WORK TASK. Below are the records. Retype exactly the lines between the lines holding "using S i j" and "and omega omega_init", inclusive.

RECORDS SHOWN.
lemma stable_finite_bounded:
  assumes N: "stable_finite P F N" and x: "x \<in> K"
  shows "\<exists>R\<in>L0 P. \<forall>g\<in>N. AE w in P. \<bar>g x w\<bar> \<le> R w"
proof -
  obtain A Y where A: "l0_partition P A" and Y: "\<And>k. finite (Y k)" "\<And>k. Y k \<subseteq> F"
    and piecewise: "\<And>g. g \<in> N \<Longrightarrow> \<exists>B zs. (\<forall>k. l0_partition P (B k)) \<and> (\<forall>k j. zs k j \<in> Y k) \<and>
        (\<forall>x k j w. w \<in> A k \<longrightarrow> w \<in> B k j \<longrightarrow> g x w = zs k j x w)"
    using stable_finite_piecewise[OF N] by metis
  define R where "R = l0cc A (\<lambda>k w. Max ((\<lambda>h. \<bar>h x w\<bar>) ` Y k))"
  have "R \<in> L0 P"
    unfolding R_def L0_def
  proof (intro borel_measurable_l0cc[OF A] borel_measurable_Max[OF Y(1)])
    fix k h assume "h \<in> Y k"
    then have "h x \<in> borel_measurable P"
      using Y(2) F_measurable[OF _ x] by blast
    then show "(\<lambda>w. \<bar>h x w\<bar>) \<in> borel_measurable P"
      by measurable
  qed
  moreover have "AE w in P. \<bar>g x w\<bar> \<le> R w" if g: "g \<in> N" for g
  proof -
    obtain B zs where B: "\<And>k. l0_partition P (B k)" and zs: "\<And>k j. zs k j \<in> Y k"
      and g_eq: "\<And>x k j w. w \<in> A k \<Longrightarrow> w \<in> B k j \<Longrightarrow> g x w = zs k j x w"
      using piecewise[OF g] by metis
    show ?thesis
    proof (rule AE_l0_partition[OF l0_partition_refine[OF A B]])
      fix m
      obtain k j where d: "prod_decode m = (k, j)"
        by (metis surj_pair)
      show "AE w in P. w \<in> refine A B m \<longrightarrow> \<bar>g x w\<bar> \<le> R w"
      proof (rule AE_I2, intro impI)
        fix w assume "w \<in> refine A B m"
        then have w: "w \<in> A k" "w \<in> B k j"
          using mem_refine[of w A B m k j] d by auto
        have "\<bar>zs k j x w\<bar> \<le> Max ((\<lambda>h. \<bar>h x w\<bar>) ` Y k)"
          by (rule Max_ge[OF finite_imageI[OF Y(1)] imageI[OF zs]])
        then show "\<bar>g x w\<bar> \<le> R w"
          using l0cc_eq[OF A w(1), of "\<lambda>k w. Max ((\<lambda>h. \<bar>h x w\<bar>) ` Y k)"] g_eq[OF w, of x]
          by (simp add: R_def)
      qed
    qed
  qed
  ultimately show ?thesis
    by blast
qed
lemma mat_trace_similar_mat_wit:
  assumes "similar_mat_wit A B P Q"
  shows "mat_trace A = mat_trace B"
proof -
  note wit = similar_mat_witD[OF refl assms]
  have "mat_trace A = mat_trace (Q * (P * B))"
    using wit by (metis mat_trace_mult_comm mult_carrier_mat)
  also have "Q * (P * B) = B"
    using wit by (metis assoc_mult_mat left_mult_one_mat)
  finally show ?thesis .
qed

lemma upper_triangular_mult:
  assumes A: "A \<in> carrier_mat n n" and B: "B \<in> carrier_mat n n"
    and utA: "upper_triangular A" and utB: "upper_triangular B"
  shows "upper_triangular (A * B)"
proof (rule upper_triangularI)
  fix i j assume "j < i" "i < dim_row (A * B)"
  then have i: "i < n" using A by simp
  have "A $$ (i, k) * B $$ (k, j) = 0" if "k < n" for k
  proof (cases "k < i")
    case True
    then show ?thesis using upper_triangularD[OF utA True] A i by simp
  next
    case False
    then show ?thesis using upper_triangularD[OF utB, of j k] \<open>j < i\<close> B that by simp
  qed
  then show "(A * B) $$ (i, j) = 0"
    using A B i \<open>j < i\<close> by (simp add: scalar_prod_def)
qed

lemma upper_triangular_mult_diag:
  assumes A: "A \<in> carrier_mat n n" and B: "B \<in> carrier_mat n n"
    and utA: "upper_triangular A" and utB: "upper_triangular B" and i: "i < n"
  shows "(A * B) $$ (i, i) = A $$ (i, i) * B $$ (i, i)"
proof -
  have "A $$ (i, k) * B $$ (k, i) = (if k = i then A $$ (i, i) * B $$ (i, i) else 0)"
    if "k < n" for k
  proof (cases k i rule: linorder_cases)
    case less
    then show ?thesis using upper_triangularD[OF utA less] A i by simp
  next
    case greater
    then show ?thesis using upper_triangularD[OF utB greater] B that by simp
  qed simp
  then have "(\<Sum>k = 0..<n. A $$ (i, k) * B $$ (k, i))
      = (\<Sum>k = 0..<n. if k = i then A $$ (i, i) * B $$ (i, i) else 0)"
    by (intro sum.cong) auto
  then show ?thesis using A B i by (simp add: scalar_prod_def)
qed
lemma multilinear_ext_cong:
  assumes "\<forall>i\<in>{1..n}. \<forall>j\<in>{1..k}. x i j = y i j"
  shows "multilinear_ext n k f x = multilinear_ext n k f y"
proof -
  have monomial: "(\<Prod>j\<in>{1..k}. \<Prod>i\<in>S j. x i j) = (\<Prod>j\<in>{1..k}. \<Prod>i\<in>S j. y i j)"
    if S: "S \<in> orthants n k" for S
  proof (intro prod.cong refl)
    fix j i assume j: "j \<in> {1..k}" and i: "i \<in> S j"
    have "S j \<subseteq> {1..n}" using S j unfolding orthants_def by blast
    then show "x i j = y i j" using assms i j by blast
  qed
  have "(\<Sum>j=1..k. x i j) = (\<Sum>j=1..k. y i j)" if "i \<in> {1..n}" for i
    using assms that by (intro sum.cong) auto
  then have slack: "(\<Prod>i\<in>{1..n} - (\<Union>j\<in>{1..k}. S j). 1 - (\<Sum>j=1..k. x i j))
      = (\<Prod>i\<in>{1..n} - (\<Union>j\<in>{1..k}. S j). 1 - (\<Sum>j=1..k. y i j))" for S
    by (intro prod.cong) auto
  show ?thesis unfolding multilinear_ext_def
    by (intro sum.cong refl) (simp only: monomial slack)
qed

lemma multilinear_ext_le_Max:
  assumes "x \<in> polytopeP n k"
  shows "multilinear_ext n k f x \<le> Max (f ` orthants n k)"
proof -
  have "0 \<le> Max (f ` orthants n k) - multilinear_ext n k f x"
  proof (rule row_affine_nonneg[OF row_affine_diff[OF row_affine_const row_affine_multilinear_ext] _ assms])
    fix y assume "integral_point n k y"
    then show "0 \<le> Max (f ` orthants n k) - multilinear_ext n k f y"
      by (simp add: multilinear_ext_integral_point point_orthant_in_orthants finite_orthants)
  qed
  then show ?thesis by simp
qed

definition full_point :: "nat \<Rightarrow> nat \<Rightarrow> (nat \<Rightarrow> nat \<Rightarrow> real) \<Rightarrow> bool" where
  "full_point n k E = (\<forall>i\<in>{1..n}. \<exists>j\<in>{1..k}. E i = unit_row j)"

definition orthant_point :: "nat \<Rightarrow> (nat \<Rightarrow> nat set) \<Rightarrow> nat \<Rightarrow> nat \<Rightarrow> real" where
  "orthant_point k S = (\<lambda>i j. if j \<in> {1..k} \<and> i \<in> S j then 1 else 0)"

lemma orthant_point_row:
  assumes S: "S \<in> orthants n k"
  shows "j \<in> {1..k} \<Longrightarrow> i \<in> S j \<Longrightarrow> orthant_point k S i = unit_row j"
    and "\<not> (\<exists>j\<in>{1..k}. i \<in> S j) \<Longrightarrow> orthant_point k S i = zero_row"
proof -
  assume j: "j \<in> {1..k}" and i: "i \<in> S j"
  have "l \<in> {1..k} \<and> i \<in> S l \<longleftrightarrow> l = j" for l
    using S i j unfolding orthants_def by blast
  then show "orthant_point k S i = unit_row j"
    unfolding orthant_point_def unit_row_def by presburger
next
  assume "\<not> (\<exists>j\<in>{1..k}. i \<in> S j)"
  then show "orthant_point k S i = zero_row"
    unfolding orthant_point_def zero_row_def by auto
qed
theorem lemma1:
  fixes Omega :: "'a set" and F :: "'a set set"
    and rho :: "'a set \<Rightarrow> 'a \<Rightarrow> 'a \<Rightarrow> real"
    and omega omega_init :: "'a \<Rightarrow> real"
    and lam :: "'a set \<Rightarrow> real"
    and W :: "'a set list" and s :: 'a
  assumes fin_Omega: "finite Omega"
    and fin_F: "finite F"
    and flaws: "\<And>f. f \<in> F \<Longrightarrow> f \<noteq> {} \<and> f \<subseteq> Omega"
    and rho_nonneg: "\<And>f x y. f \<in> F \<Longrightarrow> x \<in> f \<Longrightarrow> y \<in> Omega \<Longrightarrow> rho f x y \<ge> 0"
    and rho_out: "\<And>f x y. f \<in> F \<Longrightarrow> x \<in> f \<Longrightarrow> y \<notin> Omega \<Longrightarrow> rho f x y = 0"
    and rho_sum: "\<And>f x. f \<in> F \<Longrightarrow> x \<in> f \<Longrightarrow> (\<Sum>y\<in>Omega. rho f x y) = 1"
    and omega_pos: "\<And>x. x \<in> Omega \<Longrightarrow> omega x > 0"
    and omega_sum: "(\<Sum>x\<in>Omega. omega x) = 1"
    and init_nonneg: "\<And>x. x \<in> Omega \<Longrightarrow> omega_init x \<ge> 0"
    and init_sum: "(\<Sum>x\<in>Omega. omega_init x) = 1"
    and lam_bound: "\<And>f s'. f \<in> F \<Longrightarrow> s' \<in> Omega \<Longrightarrow>
        lam f \<ge> (\<Sum>x\<in>{x \<in> f. s' \<in> actions Omega rho f x}. rho f x s' * omega x / omega s')"
    and W_word: "set W \<subseteq> F"
    and s_in: "s \<in> Omega"
  shows "((\<Sum>ss\<in>{ss \<in> walks_with_word Omega F rho W. last ss = s}. walk_prob omega_init rho ss W)
           \<le> gamma_init Omega omega_init omega * word_weight lam W * omega s) \<and>
         ((\<Sum>ss\<in>walks_with_word Omega F rho W. walk_prob omega_init rho ss W)
           \<le> gamma_init Omega omega_init omega * word_weight lam W)"
proof -
  let ?c = "gamma_init Omega omega_init omega * word_weight lam W"
  have lam_nonneg: "lam f \<ge> 0" if f: "f \<in> F" for f
  proof -
    have "(\<Sum>x\<in>{x \<in> f. s \<in> actions Omega rho f x}. rho f x s * omega x / omega s) \<ge> 0"
      using flaws[OF f] rho_nonneg[OF f _ s_in] omega_pos s_in
      by (intro sum_nonneg divide_nonneg_pos mult_nonneg_nonneg) (auto simp: less_imp_le)
    then show ?thesis using lam_bound[OF f s_in] by linarith
  qed
  have init_le: "omega_init x \<le> gamma_init Omega omega_init omega * omega x" if "x \<in> Omega" for x
    using fin_Omega that omega_pos[OF that] by (rule omega_init_le_gamma_init)
  have gamma_nonneg: "gamma_init Omega omega_init omega \<ge> 0"
    using gamma_init_nonneg[where omega_init = omega_init] fin_Omega s_in init_nonneg omega_pos
    by blast
  have mass_le: "walk_mass_at Omega F rho omega_init W y \<le> ?c * omega y" if "y \<in> Omega" for y
    by (rule walk_mass_at_le[OF fin_Omega _ rho_nonneg omega_pos init_le gamma_nonneg
          lam_nonneg lam_bound W_word that]) (use flaws in blast)
  have "(\<Sum>ss\<in>walks_with_word Omega F rho W. walk_prob omega_init rho ss W)
      = (\<Sum>y\<in>Omega. walk_mass_at Omega F rho omega_init W y)"
    using fin_Omega by (rule sum_walk_prob_eq_sum_walk_mass_at)
  also have "\<dots> \<le> (\<Sum>y\<in>Omega. ?c * omega y)" using mass_le by (rule sum_mono)
  also have "\<dots> = ?c" by (simp add: sum_distrib_left[symmetric] omega_sum)
  finally show ?thesis using mass_le[OF s_in] by (simp add: walk_mass_at_def)
qed

end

OUTPUT OF THE TASK.
    using S i j unfolding orthants_def by blast
  then show "orthant_point k S i = unit_row j"
    unfolding orthant_point_def unit_row_def by presburger
next
  assume "\<not> (\<exists>j\<in>{1..k}. i \<in> S j)"
  then show "orthant_point k S i = zero_row"
    unfolding orthant_point_def zero_row_def by auto
qed
theorem lemma1:
  fixes Omega :: "'a set" and F :: "'a set set"
    and rho :: "'a set \<Rightarrow> 'a \<Rightarrow> 'a \<Rightarrow> real"
    and omega omega_init :: "'a \<Rightarrow> real"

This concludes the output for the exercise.